Question to the ticket taker: Do you know anything about where the bluebells might be? Ticket taker, sullenly, no (it was the end of a long day, after all). Question to guy wearing NYBG ball cap: Do you have any idea where the bluebells are? Answer: Another person just asked me that, but she was talking about the bluebells at the Brooklyn Botanical Garden, not this one. Question to NYBG employee number 3: Any idea where the bluebells are? His edifying answer: Oh, they pop up once in a while, but the Garden doesn’t do anything to cultivate them.

Oh. Gil said, Let’s go to the Ladies’ Border, see what they’ve got.

The Ladies’ Border is remotely located at the northeastern side of the Conservatory and we were the only ones there. It  had just about everything except bluebells. Different varieties of iris, eye-popping and more demure.

An exotic plant called a leatherleaf mahonia.

Something white and fragrant.

I am not sure what distinguished this as the Ladies’ Border. Yes, the vegetation was as lush, aromatic, exotic and fascinating as most of the ladies I know. I could see a few of us strolling along the border with parasols, spreading evil rumors about some of the men we know.  I’ve been reading Anthony Trollope, and the Ladies’ Garden could have jumped out of some of the great satirist’s pages. Actually, it was designed and created by landscape architect Ellen Biddle Shipman in 1920.

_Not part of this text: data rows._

lemma majorizes_of_hinge_sums_le:
  assumes size: "size X = size Y" and sum: "sum_mset X = sum_mset Y"
    and hinge: "\<And>t. sum_mset (image_mset (\<lambda>x. max (x - t) 0) X)
      \<le> sum_mset (image_mset (\<lambda>x. max (x - t) 0) Y)"
  shows "majorizes Y X"
  unfolding majorizes_def
proof (intro conjI ballI)
  show "size Y = size X"
    using size by simp
  show "sum_list (desc Y) = sum_list (desc X)"
    using sum sum_list_map_desc[of "\<lambda>x. x"] by simp
  fix k assume k: "k \<in> {1..size Y}"
  define t where "t = desc Y ! (k - 1)"
  have "sum_list (take k (desc X)) \<le> real k * t + sum_list (map (\<lambda>x. max (x - t) 0) (desc X))"
    using k size by (intro sum_list_take_le_hinge) simp
  also have "\<dots> \<le> real k * t + sum_list (map (\<lambda>x. max (x - t) 0) (desc Y))"
    using hinge[of t] by (simp add: sum_list_map_desc)
  also have "\<dots> = sum_list (take k (desc Y))"
    using k sum_list_take_desc_eq_hinge[OF sorted_desc, of k Y] by (simp add: t_def)
  finally show "sum_list (take k (desc X)) \<le> sum_list (take k (desc Y))" .
qed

It was getting late. We headed for the exit. And there they  were, suddenly, with no helpful identifying placard: the carpet of bluebells, vivid beneath a massive old hackberry tree. They had “popped up” by the parking lot, and nobody but us was paying them any mind. They were a surprise, like all precious things.

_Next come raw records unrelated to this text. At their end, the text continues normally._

lemma scaleR_binary_mixture:
  fixes P Q :: "'a::real_vector"
  shows "(t/2) *\<^sub>R (((u * (1 + s) + v * (1 - s)) / 2) *\<^sub>R P + ((u * (1 - s) + v * (1 + s)) / 2) *\<^sub>R Q)
       = (u/2) *\<^sub>R ((t/2) *\<^sub>R ((1 + s) *\<^sub>R P + (1 - s) *\<^sub>R Q))
       + (v/2) *\<^sub>R ((t/2) *\<^sub>R ((1 - s) *\<^sub>R P + (1 + s) *\<^sub>R Q))"
    (is "?lhs = ?rhs")
proof -
  have "?lhs = ((t/2) * ((u * (1 + s) + v * (1 - s)) / 2)) *\<^sub>R P
             + ((t/2) * ((u * (1 - s) + v * (1 + s)) / 2)) *\<^sub>R Q"
    by (simp only: scaleR_add_right scaleR_scaleR)
  also have "\<dots> = (u/2 * (t/2 * (1 + s)) + v/2 * (t/2 * (1 - s))) *\<^sub>R P
                   + (u/2 * (t/2 * (1 - s)) + v/2 * (t/2 * (1 + s))) *\<^sub>R Q"
  proof -
    have "(t/2) * ((u * (1 + s) + v * (1 - s)) / 2) = u/2 * (t/2 * (1 + s)) + v/2 * (t/2 * (1 - s))"
      "(t/2) * ((u * (1 - s) + v * (1 + s)) / 2) = u/2 * (t/2 * (1 - s)) + v/2 * (t/2 * (1 + s))"
      by (simp_all add: field_simps)
    then show ?thesis by (simp only:)
  qed
  also have "\<dots> = (u/2 * (t/2 * (1 + s))) *\<^sub>R P + (u/2 * (t/2 * (1 - s))) *\<^sub>R Q
                   + ((v/2 * (t/2 * (1 - s))) *\<^sub>R P + (v/2 * (t/2 * (1 + s))) *\<^sub>R Q)"
    by (simp only: scaleR_add_left add_ac)
  also have "\<dots> = ?rhs"
    by (simp only: scaleR_add_right scaleR_scaleR)
  finally show ?thesis .
qed

lemma binary_projective_simulable_antipodal_pair:
  assumes "psd E" "x < n" "y < n"
  shows "\<exists>C. binary_projective_simulable n C \<and> (\<forall>i. (Re (trace E) / 2) *\<^sub>R C i
    = (if i = x then (1/2) *\<^sub>R E else 0) + (if i = y then (1/2) *\<^sub>R antipodal E else 0))"
proof -
  obtain P s where P: "projector P" "trace P = 1" and s: "0 \<le> s" "s \<le> 1"
    and E: "E = (Re (trace E) / 2) *\<^sub>R ((1 + s) *\<^sub>R P + (1 - s) *\<^sub>R (mat 1 - P))"
    using psd_unsharp_projection_form[OF assms(1)] by blast
  define u :: "nat \<Rightarrow> real" where "u i = of_bool (i = x)" for i
  define v :: "nat \<Rightarrow> real" where "v i = of_bool (i = y)" for i
  define r where "r i = (u i * (1 + s) + v i * (1 - s)) / 2" for i
  define r' where "r' i = (u i * (1 - s) + v i * (1 + s)) / 2" for i
  define C where "C i = r i *\<^sub>R P + r' i *\<^sub>R (mat 1 - P)" for i
  have "(\<Sum>i<n. u i) = 1" "(\<Sum>i<n. v i) = 1"
    using assms by (auto simp: u_def v_def)
  then have "(\<Sum>i<n. r i) = 1" "(\<Sum>i<n. r' i) = 1"
    by (simp_all add: r_def r'_def sum.distrib flip: sum_divide_distrib sum_distrib_right)
  moreover have "0 \<le> r i" "0 \<le> r' i" for i
    using s by (simp_all add: r_def r'_def u_def v_def)
  ultimately have "binary_projective_simulable n C"
    unfolding binary_projective_simulable_def C_def using P by blast
  moreover have "antipodal E = (Re (trace E) / 2) *\<^sub>R ((1 - s) *\<^sub>R P + (1 + s) *\<^sub>R (mat 1 - P))"
    by (subst E) (simp add: antipodal_scaleR antipodal_rank_one_combination P)
  then have "(Re (trace E) / 2) *\<^sub>R C i
      = (if i = x then (1/2) *\<^sub>R E else 0) + (if i = y then (1/2) *\<^sub>R antipodal E else 0)" for i
    using scaleR_binary_mixture[of "Re (trace E)" "u i" s "v i" P "mat 1 - P"] E
    by (simp add: C_def r_def r'_def u_def v_def)
  ultimately show ?thesis by blast
qed

lemma sum_pairs_if_fst_snd:
  fixes X Y :: "nat \<Rightarrow> nat \<Rightarrow> 'a::comm_monoid_add"
  assumes "i < n"
  shows "(\<Sum>j\<in>{..<n} \<times> {..<n}. (if i = fst j then X (fst j) (snd j) else 0)
                              + (if i = snd j then Y (fst j) (snd j) else 0))
       = (\<Sum>y<n. X i y) + (\<Sum>x<n. Y x i)"
proof -
  have "(\<Sum>x<n. \<Sum>y<n. if i = x then X x y else 0) = (\<Sum>x<n. if i = x then \<Sum>y<n. X x y else 0)"
    by (intro sum.cong refl) simp
  moreover have "(\<Sum>j\<in>{..<n} \<times> {..<n}. (if i = fst j then X (fst j) (snd j) else 0)
                                 + (if i = snd j then Y (fst j) (snd j) else 0))
      = (\<Sum>x<n. \<Sum>y<n. (if i = x then X x y else 0) + (if i = y then Y x y else 0))"
    by (simp add: sum.cartesian_product case_prod_unfold)
  ultimately show ?thesis
    using assms by (simp add: sum.distrib)
qed

lemma projective_simulable_if_jointly_measurable_antipodal:
  assumes "jointly_measurable n A n (\<lambda>i. antipodal (A i))"
  shows "projective_simulable n A"
proof -
  obtain M where psd: "\<forall>a<n. \<forall>b<n. psd (M a b)" and total: "(\<Sum>a<n. \<Sum>b<n. M a b) = mat 1"
    and marg: "\<forall>a<n. (\<Sum>b<n. M a b) = A a" and marg': "\<forall>b<n. (\<Sum>a<n. M a b) = antipodal (A b)"
    using assms unfolding jointly_measurable_def by blast
  define J where "J = {..<n} \<times> {..<n}"
  define t where "t j = Re (trace (M (fst j) (snd j)))" for j
  have "\<forall>j\<in>J. \<exists>C. binary_projective_simulable n C \<and> (\<forall>i. (t j / 2) *\<^sub>R C i =
      (if i = fst j then (1/2) *\<^sub>R M (fst j) (snd j) else 0)
    + (if i = snd j then (1/2) *\<^sub>R antipodal (M (fst j) (snd j)) else 0))"
    unfolding t_def using psd
    by (intro ballI binary_projective_simulable_antipodal_pair) (auto simp: J_def)
  then obtain C where C: "\<And>j. j \<in> J \<Longrightarrow> binary_projective_simulable n (C j)"
    and C_weighted: "\<And>j i. j \<in> J \<Longrightarrow> (t j / 2) *\<^sub>R C j i =
      (if i = fst j then (1/2) *\<^sub>R M (fst j) (snd j) else 0)
    + (if i = snd j then (1/2) *\<^sub>R antipodal (M (fst j) (snd j)) else 0)"
    by (rule bchoice[elim_format]) blast
  have "(\<Sum>j\<in>J. t j / 2) = Re (trace (\<Sum>a<n. \<Sum>b<n. M a b)) / 2"
    by (simp add: J_def t_def trace_sum_qop Re_sum sum_divide_distrib sum.cartesian_product case_prod_unfold)
  then have "(\<Sum>j\<in>J. t j / 2) = 1"
    by (simp add: total trace_mat1_qop)
  moreover have "A i = (\<Sum>j\<in>J. (t j / 2) *\<^sub>R C j i)" if "i < n" for i
  proof -
    have "(\<Sum>j\<in>J. (t j / 2) *\<^sub>R C j i)
        = (\<Sum>j\<in>J. (if i = fst j then (1/2) *\<^sub>R M (fst j) (snd j) else 0)
                    + (if i = snd j then (1/2) *\<^sub>R antipodal (M (fst j) (snd j)) else 0))"
      by (intro sum.cong refl) (rule C_weighted)
    also have "\<dots> = (\<Sum>b<n. (1/2) *\<^sub>R M i b) + (\<Sum>a<n. (1/2) *\<^sub>R antipodal (M a i))"
      unfolding J_def using that by (rule sum_pairs_if_fst_snd)
    also have "\<dots> = A i"
      using marg marg' that by (simp flip: antipodal_sum scaleR_sum_right scaleR_add_left)
    finally show ?thesis by simp
  qed
  moreover have "0 \<le> t j" if "j \<in> J" for j
    using psd that by (auto simp: t_def J_def trace_psd_nonneg)
  ultimately show ?thesis
    using C by (intro projective_simulable_mixture_of_binary[where p = "\<lambda>j. t j / 2"]) auto
qed

theorem theorem1:
  fixes n :: nat and A :: "nat \<Rightarrow> qop"
  assumes "povm n A"
  shows "projective_simulable n A \<longleftrightarrow>
         jointly_measurable n A n (\<lambda>i. antipodal (A i))"
  using jointly_measurable_antipodal_if_projective_simulable
    projective_simulable_if_jointly_measurable_antipodal by blast

end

I wanted to hear Emmy Lou Harris and Willie Nelson sing so plaintively on Gulf Coast Highway, a song that references another blue flower, the bluebonnet of Texas. I think I thought that’s what I was going to see at NYBG. The duet tells the story of “this old house here by the road” and the couple that spend their life there, and the chorus repeats:

And when we die

We say we’ll catch some blackbird’s wing

We will fly away to heaven

Come some sweet blue bonnet spring

So sad, so beautiful. The Texas blue bonnet was named for its shape, which resembled the bonnets worn by hardworking pioneer women to shield their faces from the sun. How would they have liked the Ladies’ Border or the bluebells we finally found?